I could do work that was locally in the El Paso area. That was a real hindrance to my students. It set a lot of them back, I think, a year because they could not get the data, or we had to completely switch their projects. By the fall, we were in a mode of if you can think of a creative way to do it, then do it.

We had some classes face to face, but many of them were like you could only have 30 people in an exceptionally large lecture hall. because you had a lot of social distancing and masking. I was at least able to teach face to face for one of my geophysics classes. I was able to have my labs since they were hands-on learning on how to run equipment type labs. We would meet outside, and I would teach them how to use the equipment, and even though we were outdoors, we were still masking up, but that was the reality.

The students felt that they really needed it. There was a little more face-to-face contact and they felt like they were part of a group and that they were a cohesive unit interacting with real people rather than doing everything online. I think as far as a morale booster that was a huge plus.

I still taught geology for engineers most of the semesters through the pandemic. By that time, I had figured out that it was important to make sure that the students could interact with me. I was doing my lectures online and problem-solving sessions online. Because of the flexibility of the online world, you know I was able to do a lot with: “Hey, here is the exam. If you have questions, tell me,” and I would interact more with students. They were not afraid to ask me questions when things were online, they were amazingly comfortable about that. More so than the crunch when you are in the classroom, and you only have one hour to finish the exam.

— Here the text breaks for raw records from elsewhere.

lemma gdist_first_step:
  assumes "(x, r) \<in> R\<^sup>*" "x \<noteq> r"
  shows "\<exists>y. (x, y) \<in> R \<and> gdist R x r = gdist R y r + 1 \<and> gdist R y r \<noteq> \<infinity>"
proof -
  obtain m where m: "(x, r) \<in> R ^^ m" "gdist R x r = enat m"
    using assms(1) by (rule gdist_attained)
  moreover have "m \<noteq> 0" using m(1) assms(2) by (cases m) simp_all
  ultimately obtain m' where "m = Suc m'" by (meson not0_implies_Suc)
  with m(1) obtain y where y: "(x, y) \<in> R" "(y, r) \<in> R ^^ m'"
    by (auto elim: relpow_Suc_E2 simp del: relpow.simps)
  have "gdist R x r \<le> gdist R x y + gdist R y r" by (rule gdist_triangle)
  also have "\<dots> \<le> 1 + gdist R y r"
    using gdist_le_relpow[of x y 1 R] y(1) by (simp add: one_enat_def add_right_mono)
  finally have "enat m \<le> 1 + gdist R y r" using m(2) by simp
  with gdist_le_relpow[OF y(2)] \<open>m = Suc m'\<close> have "gdist R y r = enat m'"
    by (cases "gdist R y r") (auto simp: one_enat_def)
  with y(1) m(2) \<open>m = Suc m'\<close> show ?thesis by (auto simp: one_enat_def)
qed

lemma relpow_sym: "sym R \<Longrightarrow> (x, y) \<in> R ^^ j \<Longrightarrow> (y, x) \<in> R ^^ j"
proof (induction j arbitrary: y)
  case (Suc j)
  then obtain z where "(x, z) \<in> R ^^ j" "(z, y) \<in> R" by auto
  with Suc show ?case by (metis relpow_Suc_I2 symD)
qed simp

lemma gdist_commute: "sym R \<Longrightarrow> gdist R x y = gdist R y x"
  unfolding gdist_def by (metis relpow_sym)

lemma relpow_exit:
  assumes "(x, y) \<in> R ^^ m" "x \<in> A" "y \<notin> A"
  obtains i a b where "i < m" "(x, a) \<in> R ^^ i" "a \<in> A" "(a, b) \<in> R" "b \<notin> A"
    "(b, y) \<in> R ^^ (m - Suc i)"
  using assms
proof (induction m arbitrary: x thesis)
  case 0
  then show ?case by auto
next
  case (Suc m)
  from relpow_Suc_D2[OF Suc.prems(2)] obtain z where z: "(x, z) \<in> R" "(z, y) \<in> R ^^ m"
    by blast
  show ?case
  proof (cases "z \<in> A")
    case False
    show ?thesis by (rule Suc.prems(1)[of 0 x z]) (use z Suc.prems(3) False in simp_all)
  next
    case True
    obtain i a b where "i < m" "(z, a) \<in> R ^^ i" "a \<in> A" "(a, b) \<in> R" "b \<notin> A"
      "(b, y) \<in> R ^^ (m - Suc i)"
      using Suc.IH[OF _ z(2) True Suc.prems(4)] by blast
    moreover from z(1) this(2) have "(x, a) \<in> R ^^ Suc i" by (rule relpow_Suc_I2)
    ultimately show ?thesis by (intro Suc.prems(1)[of "Suc i" a b]) auto
  qed
qed

text \<open>A shortest path from \<open>w\<close> to \<open>b1\<close> leaves \<open>A\<close> through \<open>(a1, b1)\<close> or through
  \<open>(a2, b2)\<close>; in the second case the detour from \<open>a2\<close> to \<open>a1\<close> is not longer than the
  remaining path from \<open>b2\<close> to \<open>b1\<close>.\<close>

lemma gdist_less_across_cut:
  assumes "w \<in> A" "b1 \<notin> A" "(w, b1) \<in> R\<^sup>*"
    and cross: "\<And>x y. (x, y) \<in> R \<Longrightarrow> x \<in> A \<Longrightarrow> y \<notin> A \<Longrightarrow> (x, y) = (a1, b1) \<or> (x, y) = (a2, b2)"
    and "gdist R a2 a1 \<le> gdist R b2 b1"
  shows "gdist R w a1 < gdist R w b1"
proof -
  obtain m where m: "(w, b1) \<in> R ^^ m" "gdist R w b1 = enat m"
    using gdist_attained[OF assms(3)] .
  obtain i a b where i: "i < m" "(w, a) \<in> R ^^ i" "(a, b) \<in> R" "a \<in> A" "b \<notin> A"
    and rest: "(b, b1) \<in> R ^^ (m - Suc i)"
    using relpow_exit[OF m(1) assms(1,2)] by blast
  from cross[of a b] i have "(a, b) = (a1, b1) \<or> (a, b) = (a2, b2)" by auto
  then show ?thesis
  proof
    assume "(a, b) = (a1, b1)"
    then show ?thesis using gdist_le_relpow[OF i(2)] m(2) i(1) by (simp add: le_less_trans)
  next
    assume "(a, b) = (a2, b2)"
    then have "a = a2" "b = b2" by simp_all
    have "gdist R w a1 \<le> gdist R w a2 + gdist R a2 a1" by (rule gdist_triangle)
    also have "\<dots> \<le> enat i + gdist R b2 b1"
      using gdist_le_relpow[OF i(2)] \<open>a = a2\<close> assms(5) by (simp add: add_mono)
    also have "\<dots> \<le> enat i + enat (m - Suc i)"
      using gdist_le_relpow[OF rest] \<open>b = b2\<close> by (simp add: add_left_mono del: plus_enat_simps)
    also have "\<dots> < gdist R w b1" using i(1) m(2) by simp
    finally show ?thesis .
  qed
qed

lemma ncloser_two_edge_cut:
  assumes RX: "R \<subseteq> X \<times> X" and "sym R" and conn: "\<forall>x\<in>X. \<forall>y\<in>X. (x, y) \<in> R\<^sup>*"
    and "A \<subseteq> X" "a1 \<in> A" "b1 \<in> X - A"
    and cross: "\<And>x y. (x, y) \<in> R \<Longrightarrow> x \<in> A \<Longrightarrow> y \<notin> A \<Longrightarrow> (x, y) = (a1, b1) \<or> (x, y) = (a2, b2)"
    and dist: "gdist R a2 a1 = gdist R b2 b1"
  shows "ncloser X R a1 b1 = card A" "ncloser X R b1 a1 = card (X - A)"
proof -
  have cross': "(x, y) = (b1, a1) \<or> (x, y) = (b2, a2)"
    if "(x, y) \<in> R" "x \<in> X - A" "y \<notin> X - A" for x y
    using cross[of y x] symD[OF \<open>sym R\<close> that(1)] that RX by auto
  have reach: "(w, v) \<in> R\<^sup>*" if "w \<in> X" "v \<in> X" for w v
    using conn that by blast
  have near_a: "gdist R w a1 < gdist R w b1" if "w \<in> A" for w
    using gdist_less_across_cut[of w A b1 R a1 a2 b2, OF that _ _ cross] reach that assms
    by (simp add: subset_iff)
  have near_b: "gdist R w b1 < gdist R w a1" if "w \<in> X - A" for w
    using gdist_less_across_cut[of w "X - A" a1 R b1 b2 a2, OF that _ _ cross'] reach that assms
    by (simp add: subset_iff)
  have "{w \<in> X. gdist R w a1 < gdist R w b1} = A"
    "{w \<in> X. gdist R w b1 < gdist R w a1} = X - A"
    using near_a near_b \<open>A \<subseteq> X\<close> by (auto dest: less_asym)
  then show "ncloser X R a1 b1 = card A" "ncloser X R b1 a1 = card (X - A)"
    by (simp_all add: ncloser_def)
qed

section \<open>Cutting a tree at an edge\<close>

lemma sym_und_adj: "sym (und_adj F)"
  by (auto simp: und_adj_def sym_def)
lemma leaf_ancestor_in_edges:
  assumes "v \<in> bt_leaves d" "k < d"
  shows "v div 2^k \<in> bt_edges d"
proof -
  have v: "2^d \<le> v" "v < 2^(d+1)" using assms(1) by (auto simp: bt_leaves_def)
  have "(2::nat) \<le> 2^(d-k)" using assms(2) by (simp add: self_le_power)
  also have "\<dots> = 2^d div 2^k" using assms(2) by (simp add: power_diff)
  also have "\<dots> \<le> v div 2^k" using v(1) by (rule div_le_mono)
  finally have "2 \<le> v div 2^k" .
  moreover have "v div 2^k < 2^(d+1)" using v(2) div_le_dividend[of v "2^k"] by linarith
  ultimately show ?thesis by (simp add: bt_edges_def)
qed

lemma leaf_ancestor_not_leaf:
  assumes "v \<in> bt_leaves d" "0 < k"
  shows "v div 2^k \<notin> bt_leaves d"
proof -
  have "v div 2^k \<le> v div 2" using assms(2) by (intro div_le_mono2) (simp_all add: self_le_power)
  moreover have "v div 2 < 2^d" using assms(1) by (auto simp: bt_leaves_def)
  ultimately show ?thesis by (auto simp: bt_leaves_def)
qed

lemma bt_leaves_subset_edges: "d \<ge> 1 \<Longrightarrow> bt_leaves d \<subseteq> bt_edges d"
  using self_le_power[of 2 d] by (auto simp: bt_leaves_def bt_edges_def)

lemma finite_bt_edges: "finite (bt_edges d)"
  by (simp add: bt_edges_def)

lemma finite_bt_inputs: "finite (bt_inputs d)"
  by (simp add: bt_inputs_def finite_PiE finite_bt_edges)

lemma bt_true_inputs_nonempty:
  assumes "d \<ge> 1"
  shows "bt_true_inputs d \<noteq> {}"
proof -
  define x where "x = restrict (\<lambda>_. True) (bt_edges d)"
  have "x \<in> bt_inputs d" by (simp add: x_def bt_inputs_def)
  moreover have "bt_alive d x (2^d)"
    using leaf_ancestor_in_edges[of "2^d" d] by (simp add: bt_alive_def bt_leaves_def x_def)
  moreover have "(2::nat)^d \<in> bt_leaves d" by (simp add: bt_leaves_def)
  ultimately show ?thesis unfolding bt_f_def by blast
qed

lemma bt_determined_edges:
  assumes "x \<in> bt_inputs d"
  shows "bt_determined d (bt_edges d) x"
  using assms PiE_ext[of _ "bt_edges d" "\<lambda>_. UNIV" x]
  by (auto simp: bt_determined_def bt_inputs_def)

lemma bt_determined_num_tests:
  assumes "bt_strategy d S" "x \<in> bt_inputs d"
  shows "bt_determined d (set (take (bt_num_tests d S x) S)) x"
  unfolding bt_num_tests_def
proof (rule LeastI)
  show "bt_determined d (set (take (length S) S)) x"
    using assms bt_determined_edges by (simp add: bt_strategy_def)
qed

text \<open>If no tested leaf is alive, switching off every untested leaf edge kills all leaves
  without changing the tested bits.\<close>
lemma bt_determined_alive_leaf:
  assumes d: "d \<ge> 1" and x: "x \<in> bt_inputs d" "bt_f d x"
    and T: "T \<subseteq> bt_edges d" "bt_determined d T x"
  shows "\<exists>v\<in>T. v \<in> bt_leaves d \<and> bt_alive d x v"
proof (rule ccontr)
  assume none: "\<not> ?thesis"
  define x' where "x' = restrict (\<lambda>e. x e \<and> (e \<in> T \<or> e \<notin> bt_leaves d)) (bt_edges d)"
  have "x' \<in> bt_inputs d" by (simp add: x'_def bt_inputs_def)
  moreover have "\<forall>e\<in>T. x' e = x e" using T(1) by (auto simp: x'_def)
  moreover have "\<not> bt_f d x'"
  proof
    assume "bt_f d x'"
    then obtain v where v: "v \<in> bt_leaves d" "bt_alive d x' v" by (auto simp: bt_f_def)
    have anc: "x (v div 2^k) \<and> (v div 2^k \<in> T \<or> v div 2^k \<notin> bt_leaves d)" if "k < d" for k
      using v that leaf_ancestor_in_edges[OF v(1) that] by (auto simp: bt_alive_def x'_def)
    then have "bt_alive d x v" by (simp add: bt_alive_def)
    moreover have "v \<in> T" using anc[of 0] d v(1) by simp
    ultimately show False using none v(1) by blast
  qed
  ultimately show False using T(2) x(2) by (auto simp: bt_determined_def)
qed

lemma bt_determined_by_alive_leaf:
  assumes "bt_edges d - bt_leaves d \<subseteq> T" "u \<in> T" "u \<in> bt_leaves d" "bt_alive d x u"
  shows "bt_determined d T x"
  unfolding bt_determined_def
proof (intro ballI impI)
  fix x' assume agree: "\<forall>e\<in>T. x' e = x e"
  have "x' (u div 2^k)" if "k < d" for k
  proof -
    have "u div 2^k \<in> T"
    proof (cases "k = 0")
      case False
      then show ?thesis using assms(1,3) that leaf_ancestor_in_edges leaf_ancestor_not_leaf by blast
    qed (use assms(2) in simp)
    then show ?thesis using assms(4) agree that by (simp add: bt_alive_def)
  qed
  then have "bt_alive d x' u" by (simp add: bt_alive_def)
  then show "bt_f d x' = bt_f d x" using assms(3,4) by (auto simp: bt_f_def)
qed

lemma bt_costL_le:
  assumes "bt_determined d (set (take k S)) x"
  shows "bt_costL d S x \<le> length (leaf_order d (take k S))"
proof -
  have "bt_num_tests d S x \<le> k" unfolding bt_num_tests_def using assms by (rule Least_le)
  then have "take (bt_num_tests d S x) S = take (bt_num_tests d S x) (take k S)" by simp
  then show ?thesis unfolding bt_costL_def by (metis length_filter_take_le)
qed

That continued through the spring. We only had virtual classes for the fall 2020 and the spring 2021. I was also helping with the introductory geology labs. We had been developing hands on materials prior to the pandemic to do more interactive types of science with the students. Trying to move some of that to a virtual world was challenging and I just do not think that a lot of the students could handle that.

We lost a lot of students. They just powdered out partway through the semester. Just try to do creative things when you cannot meet in person. You know you cannot. You must look at pictures of rocks but try to do other things as well. For example, a lot of people have stone walls that they use to separate their houses, so we would have them go out and look at these rocks. Do these tasks. Something so they could get their hands on things.

Things started to ease up in the spring 2021. We were at least able to do some fieldwork. Then with our students, there were specific protocols. No more than X number of people in a vehicle. Windows rolled down, the whole bit. But at least some students were now able to get out in the field. By the summer, they still needed to go through some permissions, but we had in the spring put a protocol in place as to what we would do when we go to the field. If we reference that, the students could get permission to go out to the field.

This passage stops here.